Фолкнер, конечно, зная, что в Париже тогда образовалась целая интернациональная колония писателей и художников, но палец о палец не ударил, чтобы свести хоть с кем-нибудь знакомство. Только Джойс вызвал мимолетное любопытство, тридцать лет спустя Фолкнер вспоминал, что "предпринял некоторые усилия, чтобы найти кафе, в котором он обычно обедал, — хоть посмотреть". (А Фицджеральд в поисках того же Джойса обегал весь Париж и, встретившись наконец, упорно порывался выпрыгнуть в окно, чтобы таким образом засвидетельствовать почтение великому мастеру.)
Вялые письма продолжают идти в Америку — письма чужестранца, которому ничто в европейских городах не близко. "Чувствую, что Париж меня утомляет". "Устал от городов". "Во Франции, в Париже ощущаю себя не в своей тарелке, вот в чем все дело".
И оживляется путешественник, только когда не надо вести себя как туристу или начинающему писателю, приехавшему на выучку в столицу. Лувр вызывает отстраненный интерес, Джойс всего лишь диковина, но душою отдыхает Фолкнер, пуская с детьми кораблики в лужах после дождя. Понимаю, звучит слащаво и банально, но это правда. Слог писем становится иным, в них появляются детали и лица: "Скорченный старичок мастерит с мальчишками игрушечные катера, у нас таких странных людей не встретишь. Когда я буду достаточно стар для того, чтобы не искать оправданий тому, что отлыниваю от дела, куплю старую шляпу, как у него, и стану играть с детворой в Люксембургском саду".
А еще лучше — там, за границею города. Фолкнер строит планы: "отправлюсь-ка в Бургундию, посмотрю, как крестьяне давят виноград, а потом в Компьен, в лес, на старые охотничьи тропы, сяду на поваленное дерево и представлю себе, будто слышу рог и лай собак и вижу охотников в зеленых куртках, они скачут назад, в прошлое, а потом выезжает король со своей свитой, все в золотом и алом".
Названия странные — Бургундия, Турень, Руан, — но занятия, но жизнь понятные и близкие. Может, именно во французском захолустье очутившись, Фолкнер почувствовал, что пора возвращаться домой — клочок земли ждал пахаря.

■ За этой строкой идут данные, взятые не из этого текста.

lemma iterate_error_le:
  assumes \<omega>: "\<omega> \<in> space M"
  shows "norm (x (Suc k) \<omega> - xs)
    \<le> norm ((x k \<omega> - xs) - \<alpha> *\<^sub>R ((G (x k \<omega>) - G xs) + (grad_est k \<omega> - G (x k \<omega>))))"
proof (rule norm_le_if_blk_proj_le)
  fix i
  interpret prox_setting "blk_space blk i" "r i" \<alpha> by (rule prox_setting_blk)
  define a where "a = blk_proj blk i (x k \<omega> - \<alpha> *\<^sub>R grad_est k \<omega>)"
  define b where "b = blk_proj blk i (xs - \<alpha> *\<^sub>R G xs)"
  have "norm (blk_proj blk i (x (Suc k) \<omega> - xs)) = norm (prox blk i \<alpha> (r i) a - prox blk i \<alpha> (r i) b)"
    unfolding blk_proj_diff[of blk i "x (Suc k) \<omega>" xs] a_def b_def blk_proj_iterate[OF \<omega>] NE_fixed_point ..
  also have "\<dots> \<le> norm (a - b)"
    using prox_vi_nonexpansive[OF prox_vi_prox prox_vi_prox] .
  also have "a - b = blk_proj blk i ((x k \<omega> - xs) - \<alpha> *\<^sub>R ((G (x k \<omega>) - G xs) + (grad_est k \<omega> - G (x k \<omega>))))"
    unfolding a_def b_def blk_proj_diff[symmetric] by (simp add: algebra_simps)
  finally show "norm (blk_proj blk i (x (Suc k) \<omega> - xs))
      \<le> norm (blk_proj blk i ((x k \<omega> - xs) - \<alpha> *\<^sub>R ((G (x k \<omega>) - G xs) + (grad_est k \<omega> - G (x k \<omega>)))))" .
qed

definition contraction_coeff :: real where
  "contraction_coeff = 1 - 2 * \<alpha> * \<eta> + \<alpha>^2 * (1 + 2 * L^2)"

lemma iterate_error_sq_le:
  assumes \<omega>: "\<omega> \<in> space M"
  shows "norm (x (Suc k) \<omega> - xs)^2
      \<le> contraction_coeff * norm (x k \<omega> - xs)^2 + (1 + 2 * \<alpha>^2) * norm (grad_est k \<omega> - G (x k \<omega>))^2"
    and "0 \<le> contraction_coeff * norm (x k \<omega> - xs)^2"
proof -
  have mono: "\<eta> * norm (x k \<omega> - xs)^2 \<le> (G (x k \<omega>) - G xs) \<bullet> (x k \<omega> - xs)"
    and lip: "norm (G (x k \<omega>) - G xs) \<le> L * norm (x k \<omega> - xs)"
    using B1 B2 iterate_in_joint_dom[OF \<omega>] NE_in_joint_dom by auto
  have "L \<ge> 0" using alpha_pos alpha_le by simp
  show "norm (x (Suc k) \<omega> - xs)^2
      \<le> contraction_coeff * norm (x k \<omega> - xs)^2 + (1 + 2 * \<alpha>^2) * norm (grad_est k \<omega> - G (x k \<omega>))^2"
    unfolding contraction_coeff_def
    using power_mono[OF iterate_error_le[OF \<omega>] norm_ge_zero]
      perturbed_gradient_step_sq[OF mono lip alpha_pos \<open>L \<ge> 0\<close>] by (rule order_trans)
  show "0 \<le> contraction_coeff * norm (x k \<omega> - xs)^2"
    unfolding contraction_coeff_def by (rule perturbed_gradient_step_coeff_nonneg[OF mono lip eta_pos])
qed

lemma G_iterate_measurable: "(\<lambda>\<omega>. G (x k \<omega>)) \<in> borel_measurable M"
proof -
  have "L-lipschitz_on (joint_dom blk r) G"
    using B1 alpha_pos alpha_le by (intro lipschitz_onI) (auto simp: dist_norm)
  then have "G \<in> borel_measurable (restrict_space borel (joint_dom blk r))"
    by (intro borel_measurable_continuous_on_restrict lipschitz_on_continuous_on)
  moreover have "x k \<in> measurable M (restrict_space borel (joint_dom blk r))"
    using iterate_in_joint_dom x_meas by (intro measurable_restrict_space2) auto
  ultimately show ?thesis
    by (rule measurable_compose[rotated])
qed

lemma grad_est_measurable: "grad_est k \<in> borel_measurable M"
  unfolding grad_est_def
  by (intro borel_measurable_scaleR borel_measurable_const borel_measurable_sum
      measurable_compose[OF g_meas borel_measurable_blk_proj]) auto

Перелистывая хроники и церковные книги, дополняя их более или менее правдоподобными догадками, биографы решили, что первые Фолкнеры, Джон и Элизабет, пристали к американскому берегу в 1665 году на борту пассажирского судна «Согласие». Растворившись в толпе эмигрантов, начинавших жизнь на новой родине, они осели где-нибудь в Мэриленде или Виргинии, получили 50 акров земли, полагавшихся каждому, и начали разводить табак, или сорго, или хлопок. Кто-нибудь из отпрысков укрепился на насиженном месте, стал средней руки плантатором, другие двинулись глубже на Юг или на Запад, где отнимали земли у коренных жителей — индейцев, строили дома, покупали негров-рабов. А те, кому не везло, продолжали путь, шли дальше, нигде не задерживаясь надолго, пополняя армию тех, кого потом назовут на Юге "белой швалью".